Just to show you the numbers that were produced by the systems you have a far lower cumulative V10 and a far lower V5. So that's already an issue that's important if you just try to use VMAT. You have the thing that the total dose exposure might be rather high and that's especially important if you perform re-irradiations with whole brain.
So this is the cumulative experience up to today. So we started with the first patient in January of last year. So 15 patients in, that were treated with the software mainly melanoma, lung, and breast. The median number of metastases per patient was 4 and ranged from 2 to 16. As I told you, 4 to 10 was the inclusion criteria for the stereobrain trial. And we had some patients who also had a [inaudible 00:11:36] for about two and three metastases. So these were put into the registry. So overall we treated 75 metastases and that was what we discussed before, and the cumulative volume was up to 25 milliliters. So this is really rather a large number and with acute toxicity in one patient with a very large metastases.
And these are actually my concluding remarks. So to skip into my timeframe. So this is actually a very effective treatment with few side effects and up to now at least with a high local control, but of course, we are at the beginning. So we started in November. So we can just report in the short-term outcome and it's a very fast treatment option because it's from 12 to 20 minutes. If you think of 60 metastases treated simultaneously, it's really impressive in my eyes.

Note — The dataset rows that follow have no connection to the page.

lemma is_ideal_pair: "is_ideal {\<beta> * v + \<gamma> * w | \<beta> \<gamma>. True}"
  unfolding is_ideal_def
proof (intro conjI ballI allI impI)
  show "0 \<in> {\<beta> * v + \<gamma> * w | \<beta> \<gamma>. True}"
    by (rule CollectI, rule exI[of _ 0], rule exI[of _ 0]) simp
  fix x y assume "x \<in> {\<beta> * v + \<gamma> * w | \<beta> \<gamma>. True}" "y \<in> {\<beta> * v + \<gamma> * w | \<beta> \<gamma>. True}"
  then obtain \<beta>1 \<gamma>1 \<beta>2 \<gamma>2 where "x = \<beta>1 * v + \<gamma>1 * w" "y = \<beta>2 * v + \<gamma>2 * w" by blast
  then have "x + y = (\<beta>1 + \<beta>2) * v + (\<gamma>1 + \<gamma>2) * w" by (simp add: algebra_simps)
  then show "x + y \<in> {\<beta> * v + \<gamma> * w | \<beta> \<gamma>. True}" by blast
next
  fix r x assume "x \<in> {\<beta> * v + \<gamma> * w | \<beta> \<gamma>. True}"
  then obtain \<beta> \<gamma> where "x = \<beta> * v + \<gamma> * w" by blast
  then have "r * x = (r * \<beta>) * v + (r * \<gamma>) * w" by (simp add: algebra_simps)
  then show "r * x \<in> {\<beta> * v + \<gamma> * w | \<beta> \<gamma>. True}" by blast
qed

lemma is_ideal_annihilator_Int:
  assumes "is_ideal V" shows "is_ideal {y \<in> V. r * y = 0}"
  using assms unfolding is_ideal_def by (simp add: distrib_left mult.left_commute)

lemma is_ideal_socle: "is_ideal (socle M)"
  unfolding is_ideal_def socle_def by (simp add: distrib_right mult.assoc)

lemma is_ring_hom_0: "is_ring_hom g \<Longrightarrow> g 0 = 0"
  unfolding is_ring_hom_def by (metis add_cancel_right_right add_0)

lemma is_ring_hom_diff: "is_ring_hom g \<Longrightarrow> g (x - y) = g x - g y"
  unfolding is_ring_hom_def by (metis eq_diff_eq)

lemma is_ideal_kernel: "is_ring_hom g \<Longrightarrow> is_ideal {x. g x = 0}"
  unfolding is_ideal_def by (simp add: is_ring_hom_0) (simp add: is_ring_hom_def)

lemma is_ring_hom_inj_iff: "is_ring_hom g \<Longrightarrow> inj g \<longleftrightarrow> (\<forall>x. g x = 0 \<longrightarrow> x = 0)"
  unfolding inj_def by (metis is_ring_hom_0 is_ring_hom_diff right_minus_eq)

lemma (in finite_dimensional_vector_space) span_Int_span_subset_0:
  assumes B: "independent B" and S: "S \<subseteq> B" and T: "T \<subseteq> B" and "S \<inter> T = {}"
  shows "span S \<inter> span T \<subseteq> {0}"
proof -
  have "finite B" by (rule finiteI_independent[OF B])
  then have fin: "finite S" "finite T"
    using S T by (auto intro: finite_subset)
  have indep: "independent S" "independent T" "independent (S \<union> T)"
    using independent_mono[OF B] S T by auto
  have "dim {x + y |x y. x \<in> span S \<and> y \<in> span T} = card S + card T"
    using dim_eq_card_independent[OF indep(3)] card_Un_disjoint[OF fin \<open>S \<inter> T = {}\<close>]
    by (simp flip: span_Un)
  then have "dim (span S \<inter> span T) = 0"
    using dim_sums_Int[OF subspace_span subspace_span, of S T]
      dim_eq_card_independent[OF indep(1)] dim_eq_card_independent[OF indep(2)] by simp
  then show ?thesis by simp
qed

context finite_dimensional_vector_space_pair_1
begin

lemma dim_kernel_add_dim_range:
  assumes lin: "Vector_Spaces.linear s1 s2 f"
  shows "vs1.dim {x. f x = 0} + vs2.dim (range f) = vs1.dimension"
proof -
  let ?K = "{x. f x = 0}"
  have K: "vs1.subspace ?K"
    by (rule linear_subspace_kernel[OF lin])
  obtain BK where BK: "BK \<subseteq> ?K" "vs1.independent BK" "?K \<subseteq> vs1.span BK" "card BK = vs1.dim ?K"
    using vs1.basis_exists by blast
  obtain B where B: "BK \<subseteq> B" "vs1.independent B" "UNIV \<subseteq> vs1.span B"
    by (rule vs1.maximal_independent_subset_extend[OF subset_UNIV BK(2)])
  define C where "C = B - BK"
  have "finite B"
    using B(2) by (rule vs1.finiteI_independent)
  have indep_C: "vs1.independent C"
    using B(2) vs1.independent_mono unfolding C_def by blast
  have span_BK: "vs1.span BK = ?K"
    by (rule vs1.span_subspace[OF BK(1,3) K])
  have span_B: "vs1.span B = UNIV"
    using B(3) by blast
  have card_B: "card B = vs1.dimension"
    using vs1.dim_span[of B] vs1.dim_eq_card_independent[OF B(2)] span_B by (simp add: vs1.dimension_def)
  have card_C: "card C = card B - card BK"
    unfolding C_def using \<open>finite B\<close> B(1) by (simp add: card_Diff_subset finite_subset)
  have sum_eq: "{x + y |x y. x \<in> ?K \<and> y \<in> vs1.span C} = UNIV"
    using vs1.span_Un[of BK C] span_B span_BK B(1) unfolding C_def by (simp add: Un_absorb1)
  have "vs1.span BK \<inter> vs1.span C \<subseteq> {0}"
    by (rule vs1.span_Int_span_subset_0[OF B(2) B(1)]) (auto simp: C_def)
  then have "\<forall>x\<in>vs1.span C. f x = 0 \<longrightarrow> x = 0"
    using span_BK by auto
  then have "inj_on f (vs1.span C)"
    using linear_inj_on_iff_eq_0[OF lin vs1.subspace_span] by blast
  then have "vs2.dim (f ` vs1.span C) = card C"
    using dim_image_eq[OF lin, of "vs1.span C"] vs1.dim_eq_card_independent[OF indep_C]
    by (simp add: vs1.span_span)
  moreover have "f ` vs1.span C = range f"
  proof (intro set_eqI iffI)
    fix z assume "z \<in> range f"
    then obtain x where "z = f x" by blast
    moreover obtain k c where "x = k + c" "k \<in> ?K" "c \<in> vs1.span C"
      using sum_eq by blast
    ultimately have "z = f c"
      using linear_add[OF lin] by simp
    then show "z \<in> f ` vs1.span C"
      using \<open>c \<in> vs1.span C\<close> by blast
  qed blast
  ultimately show ?thesis
    using card_B card_C BK(4) card_mono[OF \<open>finite B\<close> B(1)] by simp
qed

end

locale fd_algebra =
  fixes \<iota> :: "'k::field \<Rightarrow> 'a::comm_ring_1"
  assumes fin_dim: "fin_dim_algebra \<iota>"
begin

lemma \<iota>_1 [simp]: "\<iota> 1 = 1"
  and \<iota>_add [simp]: "\<iota> (c + d) = \<iota> c + \<iota> d"
  and \<iota>_mult [simp]: "\<iota> (c * d) = \<iota> c * \<iota> d"
  using fin_dim by (auto simp: fin_dim_algebra_def k_algebra_def is_ring_hom_def)

lemma \<iota>_0 [simp]: "\<iota> 0 = 0"
  and \<iota>_diff [simp]: "\<iota> (c - d) = \<iota> c - \<iota> d"
  using fin_dim is_ring_hom_0 is_ring_hom_diff by (auto simp: fin_dim_algebra_def k_algebra_def)

lemma \<iota>_inverse: "c \<noteq> 0 \<Longrightarrow> \<iota> (inverse c) * \<iota> c = 1"
  by (metis \<iota>_mult \<iota>_1 field_class.field_inverse)

sublocale vector_space "alg_scale \<iota>"
  by unfold_locales (auto simp: alg_scale_def algebra_simps)

definition alg_basis :: "'a set" where
  "alg_basis = (SOME B. finite B \<and> independent B \<and> span B = UNIV)"

lemma alg_basis_is_basis: "finite alg_basis \<and> independent alg_basis \<and> span alg_basis = UNIV"
proof -
  obtain S where S: "finite S" "span S = UNIV"
    using fin_dim by (auto simp: fin_dim_algebra_def)
  obtain B where B: "B \<subseteq> S" "independent B" "S \<subseteq> span B"
    by (rule maximal_independent_subset)
  have "span B = UNIV"
    using B S by (metis span_mono span_span subset_UNIV subset_antisym)
  then have "finite B \<and> independent B \<and> span B = UNIV"
    using B S finite_subset by blast
  then show ?thesis
    unfolding alg_basis_def by (rule someI)
qed

sublocale finite_dimensional_vector_space "alg_scale \<iota>" alg_basis
  by unfold_locales (use alg_basis_is_basis in auto)

sublocale pair: finite_dimensional_vector_space_pair_1 "alg_scale \<iota>" alg_basis "alg_scale \<iota>" ..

And of course, you have to carefully select these patients and that's the reason why we do these prospective trials because you can miss some patients and they have multiple progression, and you have to retreat them in very early time points. And of course, we inform these patients on the alternatives like they could have standard whole brain through the standard of care or could be included in the HIPPORAD trial run by Professor Grosu in Freiburg which, for example, spares the hippocampus. So these are the alternatives that we'll discuss on individual base. And, of course, we have to be aware of side effects, so careful dosing is necessary. In my eyes, you cannot take the RTOG dose prescription and put it to 12 metastases. You have to adapt this depending on the size and location.
And in the end, I would strongly advise to be aware of combining each kind of hypoFX with the single shot technique because you might end up with a high disparity between the low single-dose compared to the single high-dose volume. So this is not actually something the software can produce an easy way and you could end up with, let's say, acute toxicity from the single session if you perform further fraction with a hypoFx. So this is something, at least, you will have to think about.
And then, I would like to thank you all, it's a small of you, to Munich, whoever wants to come it's really nice between the Alps. And I'd like to thank colleagues from the physics department for providing some of the content, Brainlab, and some of my colleagues like Steffi Corradini, Raphael Bodensohn for providing some of the images. So let me thank you for your attention and I would like to hand over to neural radiology.